(DATA TO PROCESS Opens)
(* Fix $n\ge1$ and $j$ with $|j|\le k-1$ and $I_j\neq\emptyset$. Let $E_{n,j}(\kappa)$ be the bottom of the spectrum of the operator $H_{j,\kappa}=\pi_{I_j}(\Delta+v_\kappa)\iota_{I_j}$ on $\ell^2(I_j)$. Then $$\liminf_{\kappa\to0^+}\frac{E_{n,j}(\kappa)}{\kappa^2}\ge2n+1 .$$
   Context: $(\Delta f)(x)=2f(x)-f(x+1)-f(x-1)$ on $\ell^2(\mathbb{Z})$ and $v_\kappa(x)=\kappa^4x^2$. For $I\subseteq\mathbb{Z}$, $\pi_I:\ell^2(\mathbb{Z})\to\ell^2(I)$ is restriction and $\iota_I:\ell^2(I)\to\ell^2(\mathbb{Z})$ is extension by zero (Dirichlet restriction). Fix $n\ge1$. Let $h_n$ be the physicists' Hermite polynomial $h_n(y)=(-1)^ne^{y^2}\frac{d^n}{dy^n}e^{-y^2}$. Let $0\le z_1<z_2<\dots<z_k$ be the nonnegative zeros of $h_n$, where $k=n/2$ if $n$ is even (then $z_1>0$) and $k=(n+1)/2$ if $n$ is odd (then $z_1=0$). For $\kappa>0$ define: $a_1=\lfloor z_1/\kappa\rfloor+1$; $\beta_1=1$ if $z_1=0$ and $\beta_1=z_1/(\kappa(a_1-1))$ otherwise; for $2\le j\le k$, $a_j=\lfloor z_j/(\beta_{j-1}\kappa)\rfloor+1$ and $\beta_j=z_j/(\kappa(a_j-1))$; for $1\le j\le k-1$, $b_j=\lfloor z_{j+1}/(\beta_j\kappa)\rfloor-1$, and $b_k=\infty$. Set $I_j=[a_j,b_j]\cap\mathbb{Z}$ for $1\le j\le k$ (so $I_k=[a_k,\infty)\cap\mathbb{Z}$), $I_{-j}=[-b_j,-a_j]\cap\mathbb{Z}$ and $\beta_{-j}=\beta_j$. If $n$ is even, put $b_0=a_1-2$, $I_0=[-b_0,b_0]\cap\mathbb{Z}$ and $\beta_0=1$; if $n$ is odd, $I_0=\emptyset$. *)

theory Defs
  imports "HOL-Analysis.Analysis"
begin

definition hermite :: "nat \<Rightarrow> real \<Rightarrow> real" where
  "hermite n y = (-1)^n * exp (y^2) * (deriv ^^ n) (\<lambda>t. exp (-(t^2))) y"

text \<open>Nonnegative zeros of h_n, in increasing order: z n i is z_i (1-based).\<close>
definition hzero :: "nat \<Rightarrow> nat \<Rightarrow> real" where
  "hzero n i = sorted_list_of_set {y::real. 0 \<le> y \<and> hermite n y = 0} ! (i - 1)"

definition hk :: "nat \<Rightarrow> nat" where
  "hk n = (if even n then n div 2 else (n + 1) div 2)"

fun abeta :: "nat \<Rightarrow> real \<Rightarrow> nat \<Rightarrow> int \<times> real" where
  "abeta n \<kappa> 0 = undefined"
| "abeta n \<kappa> (Suc 0) =
     (let a = \<lfloor>hzero n 1 / \<kappa>\<rfloor> + 1
      in (a, if hzero n 1 = 0 then 1 else hzero n 1 / (\<kappa> * real_of_int (a - 1))))"
| "abeta n \<kappa> (Suc (Suc j)) =
     (let \<beta>' = snd (abeta n \<kappa> (Suc j));
          a = \<lfloor>hzero n (Suc (Suc j)) / (\<beta>' * \<kappa>)\<rfloor> + 1
      in (a, hzero n (Suc (Suc j)) / (\<kappa> * real_of_int (a - 1))))"

definition aa :: "nat \<Rightarrow> real \<Rightarrow> nat \<Rightarrow> int" where
  "aa n \<kappa> j = fst (abeta n \<kappa> j)"

definition beta :: "nat \<Rightarrow> real \<Rightarrow> nat \<Rightarrow> real" where
  "beta n \<kappa> j = snd (abeta n \<kappa> j)"

definition bb :: "nat \<Rightarrow> real \<Rightarrow> nat \<Rightarrow> int" where
  "bb n \<kappa> j = \<lfloor>hzero n (Suc j) / (beta n \<kappa> j * \<kappa>)\<rfloor> - 1"

text \<open>The intervals I_j for |j| \<le> k-1 (only meaningful in that range).\<close>
definition Iset :: "nat \<Rightarrow> real \<Rightarrow> int \<Rightarrow> int set" where
  "Iset n \<kappa> j =
     (if j = 0 then (if even n then {-(aa n \<kappa> 1 - 2) .. aa n \<kappa> 1 - 2} else {})
      else if 0 < j then {aa n \<kappa> (nat j) .. bb n \<kappa> (nat j)}
      else {- bb n \<kappa> (nat (-j)) .. - aa n \<kappa> (nat (-j))})"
(DATA TO PROCESS Closes)
**WHAT YOU NEED TO DO:** Every line in the data above that includes the word "lfloor" should be copied.

**EXERCISE RESPONSE:**
   Context: $(\Delta f)(x)=2f(x)-f(x+1)-f(x-1)$ on $\ell^2(\mathbb{Z})$ and $v_\kappa(x)=\kappa^4x^2$. For $I\subseteq\mathbb{Z}$, $\pi_I:\ell^2(\mathbb{Z})\to\ell^2(I)$ is restriction and $\iota_I:\ell^2(I)\to\ell^2(\mathbb{Z})$ is extension by zero (Dirichlet restriction). Fix $n\ge1$. Let $h_n$ be the physicists' Hermite polynomial $h_n(y)=(-1)^ne^{y^2}\frac{d^n}{dy^n}e^{-y^2}$. Let $0\le z_1<z_2<\dots<z_k$ be the nonnegative zeros of $h_n$, where $k=n/2$ if $n$ is even (then $z_1>0$) and $k=(n+1)/2$ if $n$ is odd (then $z_1=0$). For $\kappa>0$ define: $a_1=\lfloor z_1/\kappa\rfloor+1$; $\beta_1=1$ if $z_1=0$ and $\beta_1=z_1/(\kappa(a_1-1))$ otherwise; for $2\le j\le k$, $a_j=\lfloor z_j/(\beta_{j-1}\kappa)\rfloor+1$ and $\beta_j=z_j/(\kappa(a_j-1))$; for $1\le j\le k-1$, $b_j=\lfloor z_{j+1}/(\beta_j\kappa)\rfloor-1$, and $b_k=\infty$. Set $I_j=[a_j,b_j]\cap\mathbb{Z}$ for $1\le j\le k$ (so $I_k=[a_k,\infty)\cap\mathbb{Z}$), $I_{-j}=[-b_j,-a_j]\cap\mathbb{Z}$ and $\beta_{-j}=\beta_j$. If $n$ is even, put $b_0=a_1-2$, $I_0=[-b_0,b_0]\cap\mathbb{Z}$ and $\beta_0=1$; if $n$ is odd, $I_0=\emptyset$. *)
     (let a = \<lfloor>hzero n 1 / \<kappa>\<rfloor> + 1
          a = \<lfloor>hzero n (Suc (Suc j)) / (\<beta>' * \<kappa>)\<rfloor> + 1
  "bb n \<kappa> j = \<lfloor>hzero n (Suc j) / (beta n \<kappa> j * \<kappa>)\<rfloor> - 1"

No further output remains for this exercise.